What the task asks:
Only one span of the listing below should come back. It runs from the line with "x) \<in> borel_measurable" through the line with "by (simp add: L2_inner_def)", and each of its lines must be reproduced exactly.

BEGIN Material shown

(* Let $(\mathcal{X},\mathcal{B},\lambda)$ be a measure space with $\lambda$ positive and $\sigma$-finite, and $P$ a probability measure on it with density $f\in\mathcal{L}^2(\mathcal{X},\lambda)$ with respect to $\lambda$. Let $X_1,\dots,X_N$ be i.i.d. with law $P$. Let $f_1,\dots,f_m\in\mathcal{L}^2$ with $D_k=\int f_k^2d\lambda>0$, and assume condition $\mathcal{H}(p)$ (see context) holds for some $p\in[1,+\infty]$. Then for every $\varepsilon>0$, $$P^{\otimes N}\left\{\forall k\in\{1,\dots,m\},\ \forall g\in\mathcal{L}^2,\ d^2(\Pi_{\mathcal{CR}_{k,\varepsilon}}g,f)\le d^2(g,f)\right\}\ge1-\varepsilon.$$
   Context: $d^2(g,h)=\int(g-h)^2d\lambda$ on $\mathcal{L}^2=\mathcal{L}^2(\mathcal{X},\lambda)$. $\hat\alpha_k=\frac{\frac1N\sum_{i=1}^Nf_k(X_i)}{D_k}$. $\mathcal{M}_k=\{\alpha f_k:\alpha\in\mathbb{R}\}$, $\Pi_{\mathcal{M}_k}$ the orthogonal projection onto it. Condition $\mathcal{H}(p)$: for $1<p<\infty$ with $\frac1p+\frac1q=1$, there are known constants $c,c_1,\dots,c_m>0$ with $(\int|f_k|^{2p}d\lambda)^{1/p}\le c_k\int f_k^2d\lambda$ for all $k$ and $(\int|f|^qd\lambda)^{1/q}\le c$; for $p=1$: $f\le c$ everywhere and $c_k=1$; for $p=\infty$: $|f_k|\le\sqrt{c_kD_k}$ everywhere and $c=1$. $C_k=c_kc$. $\beta(\varepsilon,k)=\frac{4[1+\log\frac{2m}{\varepsilon}]}{N}\left[\frac{\frac1N\sum_if_k(X_i)^2}{D_k}+C_k\right]$ and $\mathcal{CR}_{k,\varepsilon}=\{g\in\mathcal{L}^2:d^2(\hat\alpha_kf_k,\Pi_{\mathcal{M}_k}g)\le\beta(\varepsilon,k)\}$, a closed convex set; $\Pi_{\mathcal{CR}_{k,\varepsilon}}$ denotes the metric (nearest-point) projection onto it in $\mathcal{L}^2$. *)

theory Defs
  imports "HOL-Probability.Probability"
begin

definition L2 :: "'a measure \<Rightarrow> ('a \<Rightarrow> real) set" where
  "L2 M = {g. g \<in> borel_measurable M \<and> integrable M (\<lambda>x. (g x)\<^sup>2)}"

definition dist2 :: "'a measure \<Rightarrow> ('a \<Rightarrow> real) \<Rightarrow> ('a \<Rightarrow> real) \<Rightarrow> real" where
  "dist2 M g h = (LINT x|M. (g x - h x)\<^sup>2)"

definition proj_line :: "'a measure \<Rightarrow> ('a \<Rightarrow> real) \<Rightarrow> ('a \<Rightarrow> real) \<Rightarrow> ('a \<Rightarrow> real)" where
  "proj_line M h g = (\<lambda>x. ((LINT y|M. g y * h y) / (LINT y|M. (h y)\<^sup>2)) * h x)"

definition is_metric_proj :: "'a measure \<Rightarrow> ('a \<Rightarrow> real) set \<Rightarrow> ('a \<Rightarrow> real) \<Rightarrow> ('a \<Rightarrow> real) \<Rightarrow> bool" where
  "is_metric_proj M C g p \<longleftrightarrow> p \<in> C \<and> (\<forall>h\<in>C. dist2 M p g \<le> dist2 M h g)"

definition cond_H :: "'a measure \<Rightarrow> ('a \<Rightarrow> real) \<Rightarrow> (nat \<Rightarrow> 'a \<Rightarrow> real) \<Rightarrow> nat
    \<Rightarrow> real \<Rightarrow> (nat \<Rightarrow> real) \<Rightarrow> ereal \<Rightarrow> bool" where
  "cond_H M f fs m c cs p \<longleftrightarrow> 1 \<le> p \<and> c > 0 \<and> (\<forall>k<m. cs k > 0) \<and>
     (if p = 1 then (\<forall>x\<in>space M. f x \<le> c) \<and> (\<forall>k<m. cs k = 1)
      else if p = \<infinity> then
        (\<forall>k<m. \<forall>x\<in>space M. \<bar>fs k x\<bar> \<le> sqrt (cs k * (LINT y|M. (fs k y)\<^sup>2))) \<and> c = 1
      else (let p' = real_of_ereal p; q = p' / (p' - 1) in
        (\<forall>k<m. integrable M (\<lambda>x. \<bar>fs k x\<bar> powr (2 * p')) \<and>
           (LINT x|M. \<bar>fs k x\<bar> powr (2 * p')) powr (1 / p') \<le> cs k * (LINT x|M. (fs k x)\<^sup>2)) \<and>
        integrable M (\<lambda>x. \<bar>f x\<bar> powr q) \<and>
        (LINT x|M. \<bar>f x\<bar> powr q) powr (1 / q) \<le> c))"

definition alpha_hat :: "'a measure \<Rightarrow> (nat \<Rightarrow> 'a \<Rightarrow> real) \<Rightarrow> nat \<Rightarrow> (nat \<Rightarrow> 'a) \<Rightarrow> nat \<Rightarrow> real" where
  "alpha_hat M fs N \<omega> k = ((\<Sum>i<N. fs k (\<omega> i)) / real N) / (LINT y|M. (fs k y)\<^sup>2)"

definition beta :: "'a measure \<Rightarrow> (nat \<Rightarrow> 'a \<Rightarrow> real) \<Rightarrow> nat \<Rightarrow> real \<Rightarrow> (nat \<Rightarrow> real)
    \<Rightarrow> nat \<Rightarrow> (nat \<Rightarrow> 'a) \<Rightarrow> real \<Rightarrow> nat \<Rightarrow> real" where
  "beta M fs m c cs N \<omega> \<epsilon> k =
     4 * (1 + ln (2 * real m / \<epsilon>)) / real N *
     (((\<Sum>i<N. (fs k (\<omega> i))\<^sup>2) / real N) / (LINT y|M. (fs k y)\<^sup>2) + cs k * c)"

definition CR :: "'a measure \<Rightarrow> (nat \<Rightarrow> 'a \<Rightarrow> real) \<Rightarrow> nat \<Rightarrow> real \<Rightarrow> (nat \<Rightarrow> real)
    \<Rightarrow> nat \<Rightarrow> (nat \<Rightarrow> 'a) \<Rightarrow> real \<Rightarrow> nat \<Rightarrow> ('a \<Rightarrow> real) set" where
  "CR M fs m c cs N \<omega> \<epsilon> k = {g \<in> L2 M.
     dist2 M (\<lambda>x. alpha_hat M fs N \<omega> k * fs k x) (proj_line M (fs k) g)
       \<le> beta M fs m c cs N \<omega> \<epsilon> k}"

end

(* Projecting onto a closed convex set never increases the distance to a point of that set. The
   confidence region CR_k is a slab orthogonal to f_k, so the event of the theorem holds exactly
   when every CR_k is empty or contains f. Whether f lies in CR_k is a self-normalised deviation
   question for S = sum_i f_k(X_i) - N E f_k(X) and R = sum_i f_k(X_i)^2 + N s, where Hoelder's
   inequality and H(p) give E f_k(X)^2 <= s = c_k c D_k. Since exp (x - x^2/2) <= 1 + x + x^2/2,
   every exp (l S - l^2 R / 2) has expectation at most 1; Chernoff bounds at the scales
   l = +-sqrt (L / (4^j N s)), j < ceil L, together with Markov's inequality for R give
   P (4 L R < S^2) <= 5 exp (-L). With L = 1 + ln (2m / eps) a union bound over k concludes. *)

theory Submission
  imports Defs
begin

section \<open>Geometry of L2\<close>

definition L2_inner :: "'a measure \<Rightarrow> ('a \<Rightarrow> real) \<Rightarrow> ('a \<Rightarrow> real) \<Rightarrow> real" where
  "L2_inner M g h = (LINT x|M. g x * h x)"

lemma L2_measurable [measurable_dest]: "g \<in> L2 M \<Longrightarrow> g \<in> borel_measurable M"
  by (simp add: L2_def)

lemma L2_integrable_square: "g \<in> L2 M \<Longrightarrow> integrable M (\<lambda>x. (g x)\<^sup>2)"
  by (simp add: L2_def)

lemma L2_inner_self: "L2_inner M g g = (LINT x|M. (g x)\<^sup>2)"
  by (simp add: L2_inner_def power2_eq_square)

lemma L2_inner_self_nonneg: "0 \<le> L2_inner M g g"
  by (simp add: L2_inner_self)

lemma abs_mult_le_sum_squares: "\<bar>a * b\<bar> \<le> a\<^sup>2 + (b::real)\<^sup>2"
proof -
  have "2 * (\<bar>a\<bar> * \<bar>b\<bar>) \<le> a\<^sup>2 + b\<^sup>2"
    using sum_squares_bound[of "\<bar>a\<bar>" "\<bar>b\<bar>"] by (simp add: mult.assoc)
  moreover have "0 \<le> \<bar>a\<bar> * \<bar>b\<bar>"
    by simp
  ultimately show ?thesis
    unfolding abs_mult by linarith
qed

lemma L2_integrable_mult:
  assumes "g \<in> L2 M" "h \<in> L2 M"
  shows "integrable M (\<lambda>x. g x * h x)"
proof (rule Bochner_Integration.integrable_bound)
  show "integrable M (\<lambda>x. (g x)\<^sup>2 + (h x)\<^sup>2)"
    using assms by (intro Bochner_Integration.integrable_add L2_integrable_square)
  show "AE x in M. norm (g x * h x) \<le> norm ((g x)\<^sup>2 + (h x)\<^sup>2)"
    using abs_mult_le_sum_squares by (intro AE_I2) simp
qed (use assms in measurable)

lemma L2_lincomb:
  assumes "g \<in> L2 M" "h \<in> L2 M"
  shows "(\<lambda>x. a * g x + b * h x) \<in> L2 M"
proof -
  have "(\<lambda>x. (a * g x + b * h x)\<^sup>2) = (\<lambda>x. a\<^sup>2 * (g x)\<^sup>2 + 2 * a * b * (g x * h x) + b\<^sup>2 * (h x)\<^sup>2)"
    by (simp add: fun_eq_iff power2_eq_square algebra_simps)
  moreover have "integrable M \<dots>"
    using assms by (intro Bochner_Integration.integrable_add integrable_mult_right
        L2_integrable_square L2_integrable_mult)
  moreover have "(\<lambda>x. a * g x + b * h x) \<in> borel_measurable M"
    using assms by measurable
  ultimately show ?thesis
    by (simp add: L2_def)
qed

lemma L2_inner_lincomb_left:
  assumes "g \<in> L2 M" "h \<in> L2 M" "k \<in> L2 M"
  shows "L2_inner M (\<lambda>x. a * g x + b * h x) k = a * L2_inner M g k + b * L2_inner M h k"
proof -
  have "(\<lambda>x. (a * g x + b * h x) * k x) = (\<lambda>x. a * (g x * k x) + b * (h x * k x))"
    by (simp add: fun_eq_iff algebra_simps)
  then show ?thesis
    using L2_integrable_mult[OF assms(1,3)] L2_integrable_mult[OF assms(2,3)]
    by (simp add: L2_inner_def)
qed

lemma integral_square_add_scaled:
  assumes "u \<in> L2 M" "v \<in> L2 M"
  shows "(LINT x|M. (u x + t * v x)\<^sup>2) = L2_inner M u u + 2 * t * L2_inner M u v + t\<^sup>2 * L2_inner M v v"
proof -
  have "(\<lambda>x. (u x + t * v x)\<^sup>2) = (\<lambda>x. u x * u x + (2 * t) * (u x * v x) + t\<^sup>2 * (v x * v x))"
    by (simp add: fun_eq_iff power2_eq_square algebra_simps)
  then show ?thesis
    using assms by (simp add: L2_inner_def L2_integrable_mult)
qed

lemma L2_Cauchy_Schwarz:
  assumes "u \<in> L2 M" "v \<in> L2 M" "0 < L2_inner M v v"
  shows "(L2_inner M u v)\<^sup>2 \<le> L2_inner M u u * L2_inner M v v"
proof -
  define t where "t = - L2_inner M u v / L2_inner M v v"
  have "0 \<le> L2_inner M u u + 2 * t * L2_inner M u v + t\<^sup>2 * L2_inner M v v"
    unfolding integral_square_add_scaled[OF assms(1,2), symmetric] by simp
  also have "\<dots> = L2_inner M u u - (L2_inner M u v)\<^sup>2 / L2_inner M v v"
    using assms(3) by (simp add: t_def field_simps power2_eq_square)
  finally show ?thesis
    using assms(3) by (simp add: field_simps)
qed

END Material shown

Answer to this task:
  moreover have "(\<lambda>x. a * g x + b * h x) \<in> borel_measurable M"
    using assms by measurable
  ultimately show ?thesis
    by (simp add: L2_def)
qed

lemma L2_inner_lincomb_left:
  assumes "g \<in> L2 M" "h \<in> L2 M" "k \<in> L2 M"
  shows "L2_inner M (\<lambda>x. a * g x + b * h x) k = a * L2_inner M g k + b * L2_inner M h k"
proof -
  have "(\<lambda>x. (a * g x + b * h x) * k x) = (\<lambda>x. a * (g x * k x) + b * (h x * k x))"
    by (simp add: fun_eq_iff algebra_simps)
  then show ?thesis
    using L2_integrable_mult[OF assms(1,3)] L2_integrable_mult[OF assms(2,3)]
    by (simp add: L2_inner_def)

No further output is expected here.